Exercise details: Using the data that follows, say how many lines contain the word "Longrightarrow", giving the number by itself.

Dataset excerpts:

■ ■ ■ ■ ■ ■ ■

lemma F_C_le_F_C_ch_update:
  assumes "1 < \<alpha>" and "is_dist pX" and "is_channel W" and "channel_on pX q"
    and r: "\<And>x y. 0 \<le> r x y"
  shows "F_C \<alpha> pX W q r \<le> F_C \<alpha> pX W (ch_update \<alpha> W r) r"
proof -
  note pX = is_dist_nonneg[OF assms(2)]
  note W = is_channel_nonneg[OF assms(3)]
  note q = channel_on_nonneg[OF assms(4)]
  show ?thesis
  proof (rule F_C_cases[OF assms(1) pX q W r])
    assume "F_C \<alpha> pX W q r = -\<infinity>"
    thus ?thesis by simp
  next
    assume pos: "\<And>x y. (x, y) \<in> joint_support pX q \<Longrightarrow> 0 < W x y \<and> 0 < r x y"
      and F_eq: "F_C \<alpha> pX W q r = ereal (F_sum \<alpha> pX W q r)"
    have "overlaps pX W r" using overlaps_of_joint_support[OF pX assms(4) pos] .
    hence "0 \<le> ch_update \<alpha> W r x y" for x y
      using ch_update_channel_on[of W] W by (simp add: channel_on_def)
    hence "F_C \<alpha> pX W (ch_update \<alpha> W r) r = ereal (F_sum \<alpha> pX W (ch_update \<alpha> W r) r)"
      by (intro F_C_eq_F_sum pX)
        (use ch_update_pos_imp[of W r \<alpha>, OF W r] in \<open>auto simp: mem_joint_support pX\<close>)
    thus ?thesis using F_eq F_sum_le_F_sum_ch_update[OF assms pos] by simp
  qed
qed

lemma F_input_bayes_le_renyi:
  fixes w q t :: "'b::finite \<Rightarrow> real"
  assumes "1 < \<alpha>" and "0 < p" and "\<And>y. 0 \<le> q y" and "sum q UNIV = 1"
    and pos: "\<And>y. 0 < q y \<Longrightarrow> 0 < w y \<and> 0 < t y"
  shows "F_input \<alpha> p w q (\<lambda>y. p * q y / t y)
       \<le> 1 / (\<alpha> - 1) * ln (\<Sum>z\<in>{z. 0 < w z}. w z powr \<alpha> * t z powr (1 - \<alpha>))"
proof -
  let ?a = "\<lambda>y. w y powr \<alpha> * t y powr (1 - \<alpha>)"
  have q_supp: "sum q {y. 0 < q y} = 1" using assms(3,4) by (simp add: sum_over_support)
  have "F_input \<alpha> p w q (\<lambda>y. p * q y / t y)
      = 1 / (\<alpha> - 1) * (\<Sum>y\<in>{y. 0 < q y}. q y * ln (?a y / q y))"
    unfolding F_input_def sum_distrib_left
  proof (rule sum.cong[OF refl])
    fix y assume "y \<in> {y. 0 < q y}"
    with pos have "0 < q y" "0 < w y" "0 < t y" by auto
    moreover have "p * q y / t y / p = q y / t y" using assms(2) by simp
    ultimately have summand: "\<alpha> / (1 - \<alpha>) * ln (q y / w y) + ln (p * q y / t y / p)
        = 1 / (\<alpha> - 1) * ln (?a y / q y)"
      using ln_renyi_eq[of \<alpha> "q y" "w y" "t y"] assms(1) by simp
    show "q y * (\<alpha> / (1 - \<alpha>) * ln (q y / w y) + ln (p * q y / t y / p))
        = 1 / (\<alpha> - 1) * (q y * ln (?a y / q y))"
      unfolding summand by simp
  qed
  also have "\<dots> \<le> 1 / (\<alpha> - 1) * ln (\<Sum>z\<in>{z. 0 < w z}. ?a z)"
  proof (rule mult_left_mono)
    show "(\<Sum>y\<in>{y. 0 < q y}. q y * ln (?a y / q y)) \<le> ln (\<Sum>z\<in>{z. 0 < w z}. ?a z)"
      by (rule gibbs_inequality) (use q_supp in \<open>auto intro!: sum_mono2 dest: pos\<close>)
  qed (use assms(1) in simp)
  finally show ?thesis .
qed

lemma renyi_div_eq_ereal:
  assumes "\<And>z. 0 < p z \<Longrightarrow> q z \<noteq> 0"
  shows "renyi_div \<alpha> p q
       = ereal (1 / (\<alpha> - 1) * ln (\<Sum>z\<in>{z. 0 < p z}. p z powr \<alpha> * q z powr (1 - \<alpha>)))"
  using assms by (auto simp: renyi_div_def)

lemma F_sum_le_renyi_sum:
  assumes "1 < \<alpha>" and "is_dist pX" and "channel_on pX q" and "sub_reverse_channel r"
    and "is_dist qY"
    and pos: "\<And>x y. (x, y) \<in> joint_support pX q \<Longrightarrow> 0 < W x y \<and> 0 < r x y \<and> 0 < qY y"
  shows "F_sum \<alpha> pX W q r \<le> (\<Sum>x\<in>UNIV. pX x *
           (1 / (\<alpha> - 1) * ln (\<Sum>z\<in>{z. 0 < W x z}. W x z powr \<alpha> * qY z powr (1 - \<alpha>))))"
    (is "_ \<le> (\<Sum>x\<in>UNIV. pX x * ?R x)")
proof -
  note pX = is_dist_nonneg[OF assms(2)]
  note q = channel_on_nonneg[OF assms(3)] and q_sum = channel_on_sum[OF assms(3)]
  have "F_sum \<alpha> pX W q r \<le> F_sum \<alpha> pX W q (\<lambda>x y. pX x * q x y / qY y)"
    by (rule F_sum_le_F_sum_bayes) (use assms pos in auto)
  also have "\<dots> = (\<Sum>x\<in>{x. 0 < pX x}.
      pX x * F_input \<alpha> (pX x) (W x) (q x) (\<lambda>y. pX x * q x y / qY y))"
    by (rule F_sum_by_input[OF pX q])
  also have "\<dots> \<le> (\<Sum>x\<in>{x. 0 < pX x}. pX x * ?R x)"
  proof (rule sum_mono, rule mult_left_mono)
    fix x assume "x \<in> {x. 0 < pX x}"
    thus "F_input \<alpha> (pX x) (W x) (q x) (\<lambda>y. pX x * q x y / qY y) \<le> ?R x"
      by (intro F_input_bayes_le_renyi)
        (use assms(1) q q_sum pos in \<open>auto simp: mem_joint_support pX q\<close>)
  qed (simp add: pX)
  also have "\<dots> = (\<Sum>x\<in>UNIV. pX x * ?R x)"
    by (rule sum.mono_neutral_left) (auto simp: pX less_le)
  finally show ?thesis .
qed

lemma F_C_le_renyi_sum:
  assumes "1 < \<alpha>" and "is_dist pX" and "is_channel W" and "channel_on pX q"
    and "sub_reverse_channel r" and "is_dist qY"
  shows "F_C \<alpha> pX W q r \<le> (\<Sum>x\<in>UNIV. ereal (pX x) * renyi_div \<alpha> (W x) qY)"
proof -
  note pX = is_dist_nonneg[OF assms(2)]
  note W = is_channel_nonneg[OF assms(3)]
  note q = channel_on_nonneg[OF assms(4)]
  note r = sub_reverse_channel_nonneg[OF assms(5)]
  note qY = is_dist_nonneg[OF assms(6)]
  show ?thesis
  proof (rule F_C_cases[OF assms(1) pX q W r])
    assume "F_C \<alpha> pX W q r = -\<infinity>"
    thus ?thesis by simp
  next
    assume pos: "\<And>x y. (x, y) \<in> joint_support pX q \<Longrightarrow> 0 < W x y \<and> 0 < r x y"
      and F_eq: "F_C \<alpha> pX W q r = ereal (F_sum \<alpha> pX W q r)"
    show ?thesis
    proof (cases "\<exists>x z. 0 < pX x \<and> 0 < W x z \<and> qY z = 0")
      case True
      then obtain x z where "0 < pX x" "0 < W x z" "qY z = 0" by blast
      hence "ereal (pX x) * renyi_div \<alpha> (W x) qY = \<infinity>" by (auto simp: renyi_div_def)
      hence "(\<Sum>x\<in>UNIV. ereal (pX x) * renyi_div \<alpha> (W x) qY) = \<infinity>"
        by (intro sum_Pinfty[THEN iffD2]) auto
      thus ?thesis by simp
    next
      case False
      have "ereal (pX x) * renyi_div \<alpha> (W x) qY = ereal (pX x *
          (1 / (\<alpha> - 1) * ln (\<Sum>z\<in>{z. 0 < W x z}. W x z powr \<alpha> * qY z powr (1 - \<alpha>))))" for x
      proof (cases "pX x = 0")
        case False
        hence "0 < pX x" using pX[of x] by simp
        thus ?thesis using \<open>\<nexists>x z. 0 < pX x \<and> 0 < W x z \<and> qY z = 0\<close>
          by (simp add: renyi_div_eq_ereal)
      qed (simp add: zero_ereal_def[symmetric])
      moreover have "0 < qY y" if "(x, y) \<in> joint_support pX q" for x y
        using False pos[OF that] that qY[of y] by (auto simp: mem_joint_support pX q less_le)
      hence "F_sum \<alpha> pX W q r \<le> (\<Sum>x\<in>UNIV. pX x *
          (1 / (\<alpha> - 1) * ln (\<Sum>z\<in>{z. 0 < W x z}. W x z powr \<alpha> * qY z powr (1 - \<alpha>))))"
        by (intro F_sum_le_renyi_sum) (use assms pos in auto)
      ultimately show ?thesis using F_eq by simp
    qed
  qed
qed

lemma F_C_le_augustin_csiszar_MI:
  assumes "1 < \<alpha>" and "is_dist pX" and "is_channel W" and "channel_on pX q"
    and "sub_reverse_channel r"
  shows "F_C \<alpha> pX W q r \<le> augustin_csiszar_MI \<alpha> pX W"
  unfolding augustin_csiszar_MI_def
  by (rule INF_greatest) (use F_C_le_renyi_sum[OF assms] in simp)

lemma overlaps_rev_update:
  assumes "\<And>x. 0 \<le> pX x" and "\<And>x y. 0 \<le> q x y" and "overlaps pX W q"
  shows "overlaps pX W (rev_update pX q)"
  unfolding overlaps_def
proof (intro allI impI)
  fix x assume "0 < pX x"
  then obtain y where "0 < W x y" "0 < q x y" using assms(3) by (auto simp: overlaps_def)
  moreover from this have "0 < rev_update pX q x y"
    using \<open>0 < pX x\<close> by (intro rev_update_pos assms(1,2)) simp
  ultimately show "\<exists>y. 0 < W x y \<and> 0 < rev_update pX q x y" by blast
qed

lemma q_iter_channel_on_overlaps:
  assumes "is_dist pX" and "is_channel W" and "is_channel q0" and "overlaps pX W q0"
  shows "channel_on pX (q_iter \<alpha> pX W q0 k) \<and> overlaps pX W (q_iter \<alpha> pX W q0 k)"
proof (induction k)
  case 0
  show ?case using assms(3,4) by (simp add: channel_on_def is_channel_def is_dist_def)
next
  case (Suc k)
  note pX = is_dist_nonneg[OF assms(1)]
  note W = is_channel_nonneg[OF assms(2)]
  have "overlaps pX W (rev_update pX (q_iter \<alpha> pX W q0 k))"
    using Suc.IH by (intro overlaps_rev_update) (auto simp: pX channel_on_def)
  thus ?case by (simp add: ch_update_channel_on overlaps_ch_update W)
qed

■ ■ ■ ■ ■ ■ ■

Reply to the task: 5